#### DATA TO EXAMINE ####
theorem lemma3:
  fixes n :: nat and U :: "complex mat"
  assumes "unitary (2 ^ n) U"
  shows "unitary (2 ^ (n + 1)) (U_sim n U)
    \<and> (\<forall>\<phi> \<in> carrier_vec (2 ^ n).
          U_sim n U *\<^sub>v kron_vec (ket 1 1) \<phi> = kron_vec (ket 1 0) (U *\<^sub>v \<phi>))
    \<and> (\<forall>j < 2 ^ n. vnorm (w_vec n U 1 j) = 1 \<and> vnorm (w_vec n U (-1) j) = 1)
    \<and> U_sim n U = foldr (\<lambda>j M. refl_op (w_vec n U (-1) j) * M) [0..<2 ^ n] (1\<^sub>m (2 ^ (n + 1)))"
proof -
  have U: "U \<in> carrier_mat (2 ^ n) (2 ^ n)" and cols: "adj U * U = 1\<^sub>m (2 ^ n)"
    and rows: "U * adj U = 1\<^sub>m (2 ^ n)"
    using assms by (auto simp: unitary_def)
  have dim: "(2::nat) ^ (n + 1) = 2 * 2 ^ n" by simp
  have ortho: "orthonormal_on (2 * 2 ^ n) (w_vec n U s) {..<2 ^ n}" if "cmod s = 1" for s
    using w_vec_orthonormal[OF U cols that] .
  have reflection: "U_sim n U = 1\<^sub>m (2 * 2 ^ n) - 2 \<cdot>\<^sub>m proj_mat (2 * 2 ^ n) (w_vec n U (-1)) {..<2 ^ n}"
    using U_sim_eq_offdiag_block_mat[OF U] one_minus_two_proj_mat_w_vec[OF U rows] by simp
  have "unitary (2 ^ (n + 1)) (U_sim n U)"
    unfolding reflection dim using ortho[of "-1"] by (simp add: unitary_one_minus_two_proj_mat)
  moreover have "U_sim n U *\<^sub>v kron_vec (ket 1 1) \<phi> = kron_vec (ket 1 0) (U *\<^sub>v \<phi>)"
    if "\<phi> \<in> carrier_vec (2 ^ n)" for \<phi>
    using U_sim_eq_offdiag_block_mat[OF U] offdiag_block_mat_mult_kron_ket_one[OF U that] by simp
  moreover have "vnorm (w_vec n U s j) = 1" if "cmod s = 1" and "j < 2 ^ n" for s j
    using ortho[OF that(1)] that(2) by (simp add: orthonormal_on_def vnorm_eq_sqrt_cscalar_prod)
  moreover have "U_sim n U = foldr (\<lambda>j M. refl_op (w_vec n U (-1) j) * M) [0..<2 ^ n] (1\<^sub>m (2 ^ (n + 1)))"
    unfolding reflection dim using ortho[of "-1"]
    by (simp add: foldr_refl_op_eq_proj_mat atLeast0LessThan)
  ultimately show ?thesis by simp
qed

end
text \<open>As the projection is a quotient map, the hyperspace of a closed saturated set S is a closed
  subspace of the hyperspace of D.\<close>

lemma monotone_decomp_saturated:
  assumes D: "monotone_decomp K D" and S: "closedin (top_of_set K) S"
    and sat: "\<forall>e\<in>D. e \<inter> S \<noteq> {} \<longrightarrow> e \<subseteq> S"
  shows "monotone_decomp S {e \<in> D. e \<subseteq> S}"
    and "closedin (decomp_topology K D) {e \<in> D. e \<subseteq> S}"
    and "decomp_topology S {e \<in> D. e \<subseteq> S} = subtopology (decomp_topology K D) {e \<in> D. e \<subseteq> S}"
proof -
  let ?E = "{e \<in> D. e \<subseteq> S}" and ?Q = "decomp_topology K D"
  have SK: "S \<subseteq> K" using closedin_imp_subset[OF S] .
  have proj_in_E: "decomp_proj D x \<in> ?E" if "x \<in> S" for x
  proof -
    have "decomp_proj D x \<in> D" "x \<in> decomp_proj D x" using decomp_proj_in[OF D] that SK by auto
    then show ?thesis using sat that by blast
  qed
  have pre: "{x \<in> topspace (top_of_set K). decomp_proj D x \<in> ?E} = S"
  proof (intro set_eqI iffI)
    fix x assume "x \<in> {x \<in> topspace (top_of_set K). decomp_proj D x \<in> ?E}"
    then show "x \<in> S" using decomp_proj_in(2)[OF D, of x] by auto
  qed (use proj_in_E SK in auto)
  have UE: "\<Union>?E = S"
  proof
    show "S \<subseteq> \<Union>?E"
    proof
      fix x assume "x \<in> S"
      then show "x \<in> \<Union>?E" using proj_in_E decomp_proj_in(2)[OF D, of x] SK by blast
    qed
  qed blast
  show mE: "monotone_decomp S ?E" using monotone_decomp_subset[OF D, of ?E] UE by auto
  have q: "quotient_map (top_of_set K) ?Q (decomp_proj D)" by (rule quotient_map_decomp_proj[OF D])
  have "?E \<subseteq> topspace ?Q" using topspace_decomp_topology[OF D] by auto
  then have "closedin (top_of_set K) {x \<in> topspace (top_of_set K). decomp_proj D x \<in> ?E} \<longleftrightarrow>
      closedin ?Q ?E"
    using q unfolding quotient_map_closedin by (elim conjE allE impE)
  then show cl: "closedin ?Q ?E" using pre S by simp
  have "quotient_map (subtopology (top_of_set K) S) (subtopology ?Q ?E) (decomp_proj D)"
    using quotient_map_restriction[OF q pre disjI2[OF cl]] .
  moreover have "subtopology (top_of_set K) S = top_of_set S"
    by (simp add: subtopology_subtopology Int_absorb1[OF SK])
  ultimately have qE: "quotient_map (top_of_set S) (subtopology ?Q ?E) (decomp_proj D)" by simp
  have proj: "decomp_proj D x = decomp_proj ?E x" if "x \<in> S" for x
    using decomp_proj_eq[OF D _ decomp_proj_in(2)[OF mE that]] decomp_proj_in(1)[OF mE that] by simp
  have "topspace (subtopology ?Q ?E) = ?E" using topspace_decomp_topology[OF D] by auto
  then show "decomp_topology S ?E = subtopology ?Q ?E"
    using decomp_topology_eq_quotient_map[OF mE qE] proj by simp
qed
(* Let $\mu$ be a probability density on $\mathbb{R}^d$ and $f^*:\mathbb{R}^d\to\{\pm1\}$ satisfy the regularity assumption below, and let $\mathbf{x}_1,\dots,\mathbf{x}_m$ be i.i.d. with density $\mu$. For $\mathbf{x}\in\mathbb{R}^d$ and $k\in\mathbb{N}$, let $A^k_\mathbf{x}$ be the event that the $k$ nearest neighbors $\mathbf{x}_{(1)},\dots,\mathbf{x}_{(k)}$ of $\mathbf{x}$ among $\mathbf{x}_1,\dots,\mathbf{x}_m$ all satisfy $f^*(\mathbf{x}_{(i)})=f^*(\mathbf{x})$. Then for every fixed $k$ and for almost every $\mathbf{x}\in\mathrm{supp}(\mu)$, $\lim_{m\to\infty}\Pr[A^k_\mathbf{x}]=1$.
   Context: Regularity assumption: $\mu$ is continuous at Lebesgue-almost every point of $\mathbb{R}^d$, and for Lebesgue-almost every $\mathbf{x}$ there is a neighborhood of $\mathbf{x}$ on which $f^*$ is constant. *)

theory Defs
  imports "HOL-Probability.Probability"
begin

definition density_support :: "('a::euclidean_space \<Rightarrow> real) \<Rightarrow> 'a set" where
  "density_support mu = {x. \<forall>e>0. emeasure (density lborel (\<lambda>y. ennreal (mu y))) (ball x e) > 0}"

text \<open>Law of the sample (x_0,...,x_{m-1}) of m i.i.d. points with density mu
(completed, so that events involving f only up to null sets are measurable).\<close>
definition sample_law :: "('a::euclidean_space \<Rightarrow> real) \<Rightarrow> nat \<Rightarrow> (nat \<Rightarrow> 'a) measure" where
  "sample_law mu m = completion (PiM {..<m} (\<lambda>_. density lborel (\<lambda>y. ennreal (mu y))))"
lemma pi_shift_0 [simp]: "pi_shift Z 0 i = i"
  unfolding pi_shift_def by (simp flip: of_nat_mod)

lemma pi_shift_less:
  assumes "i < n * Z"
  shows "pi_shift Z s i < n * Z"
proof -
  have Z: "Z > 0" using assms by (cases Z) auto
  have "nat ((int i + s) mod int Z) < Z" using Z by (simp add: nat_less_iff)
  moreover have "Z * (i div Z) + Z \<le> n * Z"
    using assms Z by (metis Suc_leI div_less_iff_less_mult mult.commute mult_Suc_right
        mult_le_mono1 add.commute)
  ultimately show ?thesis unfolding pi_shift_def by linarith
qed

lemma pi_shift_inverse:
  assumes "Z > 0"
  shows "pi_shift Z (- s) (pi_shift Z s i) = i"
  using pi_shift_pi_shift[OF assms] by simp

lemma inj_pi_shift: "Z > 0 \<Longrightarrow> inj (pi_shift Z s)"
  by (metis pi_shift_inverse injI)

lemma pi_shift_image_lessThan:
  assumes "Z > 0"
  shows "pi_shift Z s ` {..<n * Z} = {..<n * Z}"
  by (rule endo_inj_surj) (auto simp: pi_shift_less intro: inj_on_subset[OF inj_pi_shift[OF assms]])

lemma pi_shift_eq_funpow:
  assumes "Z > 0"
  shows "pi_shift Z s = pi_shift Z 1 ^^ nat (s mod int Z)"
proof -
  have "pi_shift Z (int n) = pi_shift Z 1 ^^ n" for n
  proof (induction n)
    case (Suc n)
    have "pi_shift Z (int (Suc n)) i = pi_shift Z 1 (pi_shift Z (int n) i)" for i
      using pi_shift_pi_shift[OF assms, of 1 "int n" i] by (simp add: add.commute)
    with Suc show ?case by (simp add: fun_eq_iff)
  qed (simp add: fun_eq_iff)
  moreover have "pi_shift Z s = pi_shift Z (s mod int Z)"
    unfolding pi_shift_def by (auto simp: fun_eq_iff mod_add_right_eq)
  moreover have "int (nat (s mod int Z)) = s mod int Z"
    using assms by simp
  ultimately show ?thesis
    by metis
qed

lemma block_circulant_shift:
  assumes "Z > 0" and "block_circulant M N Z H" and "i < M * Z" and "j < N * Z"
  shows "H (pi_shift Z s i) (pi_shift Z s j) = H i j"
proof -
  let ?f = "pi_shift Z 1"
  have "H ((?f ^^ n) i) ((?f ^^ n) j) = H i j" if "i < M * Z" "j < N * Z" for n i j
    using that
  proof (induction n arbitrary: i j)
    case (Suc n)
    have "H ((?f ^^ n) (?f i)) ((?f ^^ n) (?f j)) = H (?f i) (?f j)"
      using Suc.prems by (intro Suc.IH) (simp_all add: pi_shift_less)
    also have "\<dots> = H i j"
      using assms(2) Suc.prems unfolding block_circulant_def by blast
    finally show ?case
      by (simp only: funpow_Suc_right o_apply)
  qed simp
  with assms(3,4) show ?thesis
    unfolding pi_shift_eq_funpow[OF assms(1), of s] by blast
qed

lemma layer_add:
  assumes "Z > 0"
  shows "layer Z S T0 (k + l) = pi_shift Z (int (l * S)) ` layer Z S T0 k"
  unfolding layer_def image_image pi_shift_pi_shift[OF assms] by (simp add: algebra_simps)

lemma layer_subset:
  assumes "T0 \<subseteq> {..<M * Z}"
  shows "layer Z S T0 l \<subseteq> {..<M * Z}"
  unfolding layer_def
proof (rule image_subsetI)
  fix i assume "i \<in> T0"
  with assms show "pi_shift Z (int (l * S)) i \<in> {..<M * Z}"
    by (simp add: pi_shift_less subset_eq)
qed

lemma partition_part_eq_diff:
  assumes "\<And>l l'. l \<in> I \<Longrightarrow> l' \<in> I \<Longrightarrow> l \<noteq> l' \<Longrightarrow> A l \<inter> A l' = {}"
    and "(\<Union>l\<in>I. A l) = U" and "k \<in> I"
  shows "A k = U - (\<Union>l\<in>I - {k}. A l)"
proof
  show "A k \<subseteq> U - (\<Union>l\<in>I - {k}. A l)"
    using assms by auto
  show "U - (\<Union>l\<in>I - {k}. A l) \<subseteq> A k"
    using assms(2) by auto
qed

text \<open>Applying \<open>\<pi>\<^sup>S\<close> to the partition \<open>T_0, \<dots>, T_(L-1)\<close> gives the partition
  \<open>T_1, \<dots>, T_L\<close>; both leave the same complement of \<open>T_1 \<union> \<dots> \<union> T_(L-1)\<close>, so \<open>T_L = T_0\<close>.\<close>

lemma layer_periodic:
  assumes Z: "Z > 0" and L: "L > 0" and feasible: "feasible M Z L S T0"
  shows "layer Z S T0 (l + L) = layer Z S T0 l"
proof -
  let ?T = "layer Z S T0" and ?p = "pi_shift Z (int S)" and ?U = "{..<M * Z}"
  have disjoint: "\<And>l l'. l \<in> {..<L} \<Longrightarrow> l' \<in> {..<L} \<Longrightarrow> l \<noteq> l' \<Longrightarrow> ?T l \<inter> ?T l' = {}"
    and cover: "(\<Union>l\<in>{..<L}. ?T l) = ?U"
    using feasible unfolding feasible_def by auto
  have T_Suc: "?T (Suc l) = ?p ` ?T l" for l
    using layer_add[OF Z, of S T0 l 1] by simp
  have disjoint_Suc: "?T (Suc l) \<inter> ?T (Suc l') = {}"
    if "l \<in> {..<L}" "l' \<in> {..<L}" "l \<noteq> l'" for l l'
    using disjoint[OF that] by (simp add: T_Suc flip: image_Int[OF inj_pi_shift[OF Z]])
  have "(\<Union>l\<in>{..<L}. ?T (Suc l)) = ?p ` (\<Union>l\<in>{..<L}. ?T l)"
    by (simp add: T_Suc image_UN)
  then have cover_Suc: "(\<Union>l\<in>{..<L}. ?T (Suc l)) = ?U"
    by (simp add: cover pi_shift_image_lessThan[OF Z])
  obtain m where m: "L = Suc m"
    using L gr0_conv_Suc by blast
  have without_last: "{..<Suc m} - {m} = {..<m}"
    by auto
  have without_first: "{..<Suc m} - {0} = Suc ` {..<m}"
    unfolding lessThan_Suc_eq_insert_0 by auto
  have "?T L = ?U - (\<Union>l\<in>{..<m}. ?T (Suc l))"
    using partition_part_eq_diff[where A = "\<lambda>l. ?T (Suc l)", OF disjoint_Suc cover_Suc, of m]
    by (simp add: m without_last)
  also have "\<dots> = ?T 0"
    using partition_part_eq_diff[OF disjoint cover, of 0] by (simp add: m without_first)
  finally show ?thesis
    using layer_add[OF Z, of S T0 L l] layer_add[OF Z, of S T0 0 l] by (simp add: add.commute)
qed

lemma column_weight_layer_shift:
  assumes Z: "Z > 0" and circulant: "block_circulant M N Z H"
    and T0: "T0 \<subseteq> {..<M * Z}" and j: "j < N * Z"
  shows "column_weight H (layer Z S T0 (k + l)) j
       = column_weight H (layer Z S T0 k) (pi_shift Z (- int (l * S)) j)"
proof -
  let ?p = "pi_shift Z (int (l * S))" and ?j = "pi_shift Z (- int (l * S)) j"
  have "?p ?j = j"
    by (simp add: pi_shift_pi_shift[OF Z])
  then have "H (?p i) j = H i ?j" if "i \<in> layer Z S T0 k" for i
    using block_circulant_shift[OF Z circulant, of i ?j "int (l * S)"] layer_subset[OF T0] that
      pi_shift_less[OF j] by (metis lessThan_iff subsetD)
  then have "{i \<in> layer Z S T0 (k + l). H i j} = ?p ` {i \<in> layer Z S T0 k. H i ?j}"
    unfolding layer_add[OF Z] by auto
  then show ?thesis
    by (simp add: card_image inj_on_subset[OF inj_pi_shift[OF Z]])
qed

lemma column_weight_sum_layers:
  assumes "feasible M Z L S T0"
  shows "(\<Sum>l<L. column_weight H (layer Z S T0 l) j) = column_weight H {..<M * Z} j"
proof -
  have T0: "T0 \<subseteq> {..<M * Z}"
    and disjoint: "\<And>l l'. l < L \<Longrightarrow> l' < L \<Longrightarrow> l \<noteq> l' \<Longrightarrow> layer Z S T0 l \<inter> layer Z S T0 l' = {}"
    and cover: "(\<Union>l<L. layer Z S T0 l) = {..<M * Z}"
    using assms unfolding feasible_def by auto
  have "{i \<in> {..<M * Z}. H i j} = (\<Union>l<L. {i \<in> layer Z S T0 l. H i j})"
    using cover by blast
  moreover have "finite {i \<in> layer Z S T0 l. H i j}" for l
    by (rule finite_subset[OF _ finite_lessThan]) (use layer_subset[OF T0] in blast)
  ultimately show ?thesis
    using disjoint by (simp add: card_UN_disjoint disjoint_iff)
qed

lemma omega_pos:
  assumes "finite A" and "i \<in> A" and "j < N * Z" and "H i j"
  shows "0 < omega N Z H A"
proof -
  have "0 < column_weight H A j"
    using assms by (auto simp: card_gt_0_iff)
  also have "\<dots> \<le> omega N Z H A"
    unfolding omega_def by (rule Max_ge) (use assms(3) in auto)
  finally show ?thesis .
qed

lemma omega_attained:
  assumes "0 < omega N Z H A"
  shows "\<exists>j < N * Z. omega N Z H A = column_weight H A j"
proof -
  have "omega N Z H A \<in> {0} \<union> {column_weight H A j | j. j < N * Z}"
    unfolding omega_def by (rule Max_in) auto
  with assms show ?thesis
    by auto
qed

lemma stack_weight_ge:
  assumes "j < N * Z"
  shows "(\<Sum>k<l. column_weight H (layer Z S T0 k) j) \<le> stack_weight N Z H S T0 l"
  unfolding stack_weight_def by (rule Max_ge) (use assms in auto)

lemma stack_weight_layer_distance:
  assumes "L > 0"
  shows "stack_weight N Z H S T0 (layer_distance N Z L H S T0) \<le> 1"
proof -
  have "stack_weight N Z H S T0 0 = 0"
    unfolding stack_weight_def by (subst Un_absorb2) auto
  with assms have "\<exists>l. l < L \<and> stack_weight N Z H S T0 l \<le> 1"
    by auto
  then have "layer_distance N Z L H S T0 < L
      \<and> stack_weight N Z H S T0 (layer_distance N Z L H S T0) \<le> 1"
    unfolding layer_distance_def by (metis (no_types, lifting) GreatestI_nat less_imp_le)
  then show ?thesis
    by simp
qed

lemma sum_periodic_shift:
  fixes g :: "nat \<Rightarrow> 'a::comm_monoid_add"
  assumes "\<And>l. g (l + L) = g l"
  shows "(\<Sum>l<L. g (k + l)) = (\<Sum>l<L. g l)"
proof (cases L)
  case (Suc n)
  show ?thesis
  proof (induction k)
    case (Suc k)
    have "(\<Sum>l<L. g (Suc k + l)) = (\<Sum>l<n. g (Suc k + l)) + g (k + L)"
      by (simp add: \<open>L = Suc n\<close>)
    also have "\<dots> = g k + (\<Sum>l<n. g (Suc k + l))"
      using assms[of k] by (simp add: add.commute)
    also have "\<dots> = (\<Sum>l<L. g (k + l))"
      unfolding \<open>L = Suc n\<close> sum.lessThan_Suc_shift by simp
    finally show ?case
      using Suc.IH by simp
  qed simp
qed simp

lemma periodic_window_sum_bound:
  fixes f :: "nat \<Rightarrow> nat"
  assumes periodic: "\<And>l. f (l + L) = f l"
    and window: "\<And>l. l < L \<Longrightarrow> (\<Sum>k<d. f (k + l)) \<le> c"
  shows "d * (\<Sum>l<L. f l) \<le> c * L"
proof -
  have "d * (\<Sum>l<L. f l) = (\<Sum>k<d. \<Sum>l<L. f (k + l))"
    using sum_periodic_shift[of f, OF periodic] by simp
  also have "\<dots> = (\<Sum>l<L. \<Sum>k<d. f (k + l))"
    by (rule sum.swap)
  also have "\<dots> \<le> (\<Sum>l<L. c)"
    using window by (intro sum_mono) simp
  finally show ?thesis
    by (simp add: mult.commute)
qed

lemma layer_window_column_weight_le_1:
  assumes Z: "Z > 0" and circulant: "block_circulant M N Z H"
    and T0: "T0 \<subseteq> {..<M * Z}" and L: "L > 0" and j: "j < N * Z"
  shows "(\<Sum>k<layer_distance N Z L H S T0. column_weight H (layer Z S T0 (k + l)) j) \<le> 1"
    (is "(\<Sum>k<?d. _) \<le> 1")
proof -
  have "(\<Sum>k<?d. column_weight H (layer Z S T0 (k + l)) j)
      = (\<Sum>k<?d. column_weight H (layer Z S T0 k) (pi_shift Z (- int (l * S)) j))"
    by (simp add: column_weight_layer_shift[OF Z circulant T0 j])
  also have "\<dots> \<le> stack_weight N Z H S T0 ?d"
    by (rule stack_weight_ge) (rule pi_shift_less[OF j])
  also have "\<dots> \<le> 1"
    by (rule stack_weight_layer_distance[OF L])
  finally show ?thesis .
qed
####
Above are the records. Print exactly, and only, the lines from the line with "1\<^sub>m (2 *" to the line with "proof (intro set_eqI iffI)", both inclusive.

* _ANSWER TO THIS TASK_:
  have reflection: "U_sim n U = 1\<^sub>m (2 * 2 ^ n) - 2 \<cdot>\<^sub>m proj_mat (2 * 2 ^ n) (w_vec n U (-1)) {..<2 ^ n}"
    using U_sim_eq_offdiag_block_mat[OF U] one_minus_two_proj_mat_w_vec[OF U rows] by simp
  have "unitary (2 ^ (n + 1)) (U_sim n U)"
    unfolding reflection dim using ortho[of "-1"] by (simp add: unitary_one_minus_two_proj_mat)
  moreover have "U_sim n U *\<^sub>v kron_vec (ket 1 1) \<phi> = kron_vec (ket 1 0) (U *\<^sub>v \<phi>)"
    if "\<phi> \<in> carrier_vec (2 ^ n)" for \<phi>
    using U_sim_eq_offdiag_block_mat[OF U] offdiag_block_mat_mult_kron_ket_one[OF U that] by simp
  moreover have "vnorm (w_vec n U s j) = 1" if "cmod s = 1" and "j < 2 ^ n" for s j
    using ortho[OF that(1)] that(2) by (simp add: orthonormal_on_def vnorm_eq_sqrt_cscalar_prod)
  moreover have "U_sim n U = foldr (\<lambda>j M. refl_op (w_vec n U (-1) j) * M) [0..<2 ^ n] (1\<^sub>m (2 ^ (n + 1)))"
    unfolding reflection dim using ortho[of "-1"]
    by (simp add: foldr_refl_op_eq_proj_mat atLeast0LessThan)
  ultimately show ?thesis by simp
qed

end
text \<open>As the projection is a quotient map, the hyperspace of a closed saturated set S is a closed
  subspace of the hyperspace of D.\<close>

lemma monotone_decomp_saturated:
  assumes D: "monotone_decomp K D" and S: "closedin (top_of_set K) S"
    and sat: "\<forall>e\<in>D. e \<inter> S \<noteq> {} \<longrightarrow> e \<subseteq> S"
  shows "monotone_decomp S {e \<in> D. e \<subseteq> S}"
    and "closedin (decomp_topology K D) {e \<in> D. e \<subseteq> S}"
    and "decomp_topology S {e \<in> D. e \<subseteq> S} = subtopology (decomp_topology K D) {e \<in> D. e \<subseteq> S}"
proof -
  let ?E = "{e \<in> D. e \<subseteq> S}" and ?Q = "decomp_topology K D"
  have SK: "S \<subseteq> K" using closedin_imp_subset[OF S] .
  have proj_in_E: "decomp_proj D x \<in> ?E" if "x \<in> S" for x
  proof -
    have "decomp_proj D x \<in> D" "x \<in> decomp_proj D x" using decomp_proj_in[OF D] that SK by auto
    then show ?thesis using sat that by blast
  qed
  have pre: "{x \<in> topspace (top_of_set K). decomp_proj D x \<in> ?E} = S"
  proof (intro set_eqI iffI)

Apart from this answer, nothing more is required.